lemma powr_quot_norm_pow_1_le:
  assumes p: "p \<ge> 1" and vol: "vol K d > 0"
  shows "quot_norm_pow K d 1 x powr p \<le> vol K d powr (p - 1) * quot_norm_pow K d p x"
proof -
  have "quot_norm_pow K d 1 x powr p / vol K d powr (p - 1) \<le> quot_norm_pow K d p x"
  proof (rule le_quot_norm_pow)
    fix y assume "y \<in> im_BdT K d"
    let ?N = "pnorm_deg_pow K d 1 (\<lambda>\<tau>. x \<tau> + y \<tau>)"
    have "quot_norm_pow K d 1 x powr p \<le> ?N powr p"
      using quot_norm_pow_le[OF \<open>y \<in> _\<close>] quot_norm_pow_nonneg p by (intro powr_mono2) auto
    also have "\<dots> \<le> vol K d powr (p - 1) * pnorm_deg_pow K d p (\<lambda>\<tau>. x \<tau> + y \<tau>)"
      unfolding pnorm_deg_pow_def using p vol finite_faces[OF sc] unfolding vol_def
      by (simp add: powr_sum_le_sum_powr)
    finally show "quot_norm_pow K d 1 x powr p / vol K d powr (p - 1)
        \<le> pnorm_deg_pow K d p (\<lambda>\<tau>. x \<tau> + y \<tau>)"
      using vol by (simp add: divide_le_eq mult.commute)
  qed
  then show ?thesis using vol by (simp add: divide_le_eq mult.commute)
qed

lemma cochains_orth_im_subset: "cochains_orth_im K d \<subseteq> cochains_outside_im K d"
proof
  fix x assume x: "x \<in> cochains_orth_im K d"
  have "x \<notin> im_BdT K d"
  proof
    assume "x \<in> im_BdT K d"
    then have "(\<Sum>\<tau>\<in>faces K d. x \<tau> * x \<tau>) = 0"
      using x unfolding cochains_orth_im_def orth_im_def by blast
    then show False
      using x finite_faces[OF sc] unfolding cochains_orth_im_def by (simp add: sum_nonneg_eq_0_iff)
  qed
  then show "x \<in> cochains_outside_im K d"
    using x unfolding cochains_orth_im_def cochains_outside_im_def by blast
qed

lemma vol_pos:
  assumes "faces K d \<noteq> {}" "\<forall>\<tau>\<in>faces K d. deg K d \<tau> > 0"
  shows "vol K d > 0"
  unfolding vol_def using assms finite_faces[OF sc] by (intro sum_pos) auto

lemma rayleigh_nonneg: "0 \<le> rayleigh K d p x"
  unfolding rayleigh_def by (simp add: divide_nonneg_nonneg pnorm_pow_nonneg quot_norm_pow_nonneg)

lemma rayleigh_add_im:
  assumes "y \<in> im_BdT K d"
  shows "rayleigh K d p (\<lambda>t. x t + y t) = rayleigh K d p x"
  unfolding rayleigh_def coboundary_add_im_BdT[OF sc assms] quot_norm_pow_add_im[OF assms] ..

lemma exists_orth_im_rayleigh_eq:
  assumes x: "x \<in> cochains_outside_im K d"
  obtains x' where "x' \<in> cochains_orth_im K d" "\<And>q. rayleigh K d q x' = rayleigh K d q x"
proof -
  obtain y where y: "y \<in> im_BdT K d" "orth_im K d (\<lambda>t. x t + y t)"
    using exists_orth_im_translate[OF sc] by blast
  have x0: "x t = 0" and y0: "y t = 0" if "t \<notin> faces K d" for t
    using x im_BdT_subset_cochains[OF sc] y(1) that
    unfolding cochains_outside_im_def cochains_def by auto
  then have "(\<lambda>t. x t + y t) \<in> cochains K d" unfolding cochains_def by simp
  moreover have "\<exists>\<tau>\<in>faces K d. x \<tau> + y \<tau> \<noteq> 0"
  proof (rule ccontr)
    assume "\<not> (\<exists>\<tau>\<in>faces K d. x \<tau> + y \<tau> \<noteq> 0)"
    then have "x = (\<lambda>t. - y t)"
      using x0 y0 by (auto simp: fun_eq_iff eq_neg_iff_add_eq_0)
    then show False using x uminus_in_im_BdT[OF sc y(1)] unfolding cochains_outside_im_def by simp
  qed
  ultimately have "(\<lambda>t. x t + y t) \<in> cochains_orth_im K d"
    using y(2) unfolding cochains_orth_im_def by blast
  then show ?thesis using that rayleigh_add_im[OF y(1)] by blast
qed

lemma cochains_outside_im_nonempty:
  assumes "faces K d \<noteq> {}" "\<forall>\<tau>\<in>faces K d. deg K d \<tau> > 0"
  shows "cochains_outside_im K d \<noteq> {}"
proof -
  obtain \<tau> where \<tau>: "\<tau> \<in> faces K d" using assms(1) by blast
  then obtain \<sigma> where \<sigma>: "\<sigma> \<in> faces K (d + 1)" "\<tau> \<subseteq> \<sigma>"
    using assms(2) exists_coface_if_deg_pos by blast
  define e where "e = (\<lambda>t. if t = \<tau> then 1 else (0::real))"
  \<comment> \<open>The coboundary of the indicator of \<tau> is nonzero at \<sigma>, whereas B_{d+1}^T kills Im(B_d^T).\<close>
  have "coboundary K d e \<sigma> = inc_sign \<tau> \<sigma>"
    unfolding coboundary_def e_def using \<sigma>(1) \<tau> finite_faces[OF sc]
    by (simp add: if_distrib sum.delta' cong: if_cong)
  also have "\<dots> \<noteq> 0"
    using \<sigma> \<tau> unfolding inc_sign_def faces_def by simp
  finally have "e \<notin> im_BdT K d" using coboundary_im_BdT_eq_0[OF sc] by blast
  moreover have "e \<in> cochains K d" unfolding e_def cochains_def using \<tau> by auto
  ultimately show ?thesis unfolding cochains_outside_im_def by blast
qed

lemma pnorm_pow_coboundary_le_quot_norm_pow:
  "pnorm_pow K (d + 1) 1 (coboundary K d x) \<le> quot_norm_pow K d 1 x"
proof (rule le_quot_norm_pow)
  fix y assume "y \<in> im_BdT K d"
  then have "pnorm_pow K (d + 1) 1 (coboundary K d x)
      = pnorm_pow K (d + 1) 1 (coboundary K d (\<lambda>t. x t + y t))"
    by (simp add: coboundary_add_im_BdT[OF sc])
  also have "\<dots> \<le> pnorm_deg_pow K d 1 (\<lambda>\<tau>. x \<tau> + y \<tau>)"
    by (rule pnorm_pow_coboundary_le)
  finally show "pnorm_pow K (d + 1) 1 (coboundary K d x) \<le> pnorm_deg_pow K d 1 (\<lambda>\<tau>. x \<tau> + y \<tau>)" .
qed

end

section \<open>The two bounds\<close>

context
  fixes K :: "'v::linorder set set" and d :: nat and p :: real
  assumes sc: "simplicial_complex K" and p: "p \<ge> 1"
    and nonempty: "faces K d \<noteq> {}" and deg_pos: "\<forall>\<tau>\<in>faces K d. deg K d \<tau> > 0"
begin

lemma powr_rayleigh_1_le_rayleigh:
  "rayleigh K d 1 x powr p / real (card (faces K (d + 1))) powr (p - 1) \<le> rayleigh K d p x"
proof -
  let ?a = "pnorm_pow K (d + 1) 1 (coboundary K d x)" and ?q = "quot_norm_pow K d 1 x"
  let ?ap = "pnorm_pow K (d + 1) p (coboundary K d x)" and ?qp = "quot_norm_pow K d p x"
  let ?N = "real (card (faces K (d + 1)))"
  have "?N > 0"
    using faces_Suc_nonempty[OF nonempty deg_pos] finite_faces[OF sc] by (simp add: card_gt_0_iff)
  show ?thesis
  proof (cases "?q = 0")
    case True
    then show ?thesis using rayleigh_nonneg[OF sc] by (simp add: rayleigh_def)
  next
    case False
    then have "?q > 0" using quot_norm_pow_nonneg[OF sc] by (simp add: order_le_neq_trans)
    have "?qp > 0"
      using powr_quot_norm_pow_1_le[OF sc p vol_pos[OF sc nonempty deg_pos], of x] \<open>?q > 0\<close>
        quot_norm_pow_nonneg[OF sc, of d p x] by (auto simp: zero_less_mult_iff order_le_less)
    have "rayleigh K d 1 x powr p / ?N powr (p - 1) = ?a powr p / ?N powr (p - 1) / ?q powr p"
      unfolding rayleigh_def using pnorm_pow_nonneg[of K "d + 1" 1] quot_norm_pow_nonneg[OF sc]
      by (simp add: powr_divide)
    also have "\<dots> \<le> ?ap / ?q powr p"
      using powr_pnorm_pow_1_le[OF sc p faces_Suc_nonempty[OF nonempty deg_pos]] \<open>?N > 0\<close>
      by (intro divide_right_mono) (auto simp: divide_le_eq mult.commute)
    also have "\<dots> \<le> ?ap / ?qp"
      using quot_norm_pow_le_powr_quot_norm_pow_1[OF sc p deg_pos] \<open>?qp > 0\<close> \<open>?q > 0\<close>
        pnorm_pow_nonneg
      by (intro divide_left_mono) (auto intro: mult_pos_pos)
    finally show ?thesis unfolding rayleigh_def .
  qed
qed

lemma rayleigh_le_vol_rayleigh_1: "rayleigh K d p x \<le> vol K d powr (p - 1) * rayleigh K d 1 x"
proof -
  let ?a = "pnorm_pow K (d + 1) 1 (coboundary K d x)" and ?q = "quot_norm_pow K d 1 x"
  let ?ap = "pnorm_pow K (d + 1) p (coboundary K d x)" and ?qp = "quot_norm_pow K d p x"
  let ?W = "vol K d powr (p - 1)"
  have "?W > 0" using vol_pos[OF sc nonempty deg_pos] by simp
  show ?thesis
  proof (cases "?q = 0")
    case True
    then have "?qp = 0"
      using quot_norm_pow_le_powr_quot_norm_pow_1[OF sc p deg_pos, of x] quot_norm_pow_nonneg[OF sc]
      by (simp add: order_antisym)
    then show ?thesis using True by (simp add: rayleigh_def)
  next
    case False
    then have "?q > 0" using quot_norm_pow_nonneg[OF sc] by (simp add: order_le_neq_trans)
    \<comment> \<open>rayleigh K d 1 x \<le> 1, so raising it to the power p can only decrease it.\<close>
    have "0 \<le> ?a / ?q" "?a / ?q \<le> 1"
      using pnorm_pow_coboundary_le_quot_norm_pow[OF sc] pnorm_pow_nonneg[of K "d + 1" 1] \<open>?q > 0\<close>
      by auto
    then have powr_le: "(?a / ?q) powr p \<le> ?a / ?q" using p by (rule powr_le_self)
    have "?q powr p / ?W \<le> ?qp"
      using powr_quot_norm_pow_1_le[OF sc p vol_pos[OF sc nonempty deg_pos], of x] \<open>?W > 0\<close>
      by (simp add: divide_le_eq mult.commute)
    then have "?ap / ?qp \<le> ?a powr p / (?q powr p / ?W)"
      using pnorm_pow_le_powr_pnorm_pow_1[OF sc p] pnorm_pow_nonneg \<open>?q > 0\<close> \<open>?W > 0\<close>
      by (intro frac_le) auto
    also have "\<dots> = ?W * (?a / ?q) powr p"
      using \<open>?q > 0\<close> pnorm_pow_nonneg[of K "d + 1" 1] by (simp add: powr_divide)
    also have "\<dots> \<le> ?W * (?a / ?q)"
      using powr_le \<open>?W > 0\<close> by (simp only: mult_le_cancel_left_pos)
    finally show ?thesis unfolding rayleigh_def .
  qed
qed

■ **Activity**
Reproduce exactly the section above that begins at the line containing "by (simp add: powr_sum_le_sum_powr)" and ends at the line containing "fix x assume", leaving out all other lines.

■ **Task result**
      by (simp add: powr_sum_le_sum_powr)
    finally show "quot_norm_pow K d 1 x powr p / vol K d powr (p - 1)
        \<le> pnorm_deg_pow K d p (\<lambda>\<tau>. x \<tau> + y \<tau>)"
      using vol by (simp add: divide_le_eq mult.commute)
  qed
  then show ?thesis using vol by (simp add: divide_le_eq mult.commute)
qed

lemma cochains_orth_im_subset: "cochains_orth_im K d \<subseteq> cochains_outside_im K d"
proof
  fix x assume x: "x \<in> cochains_orth_im K d"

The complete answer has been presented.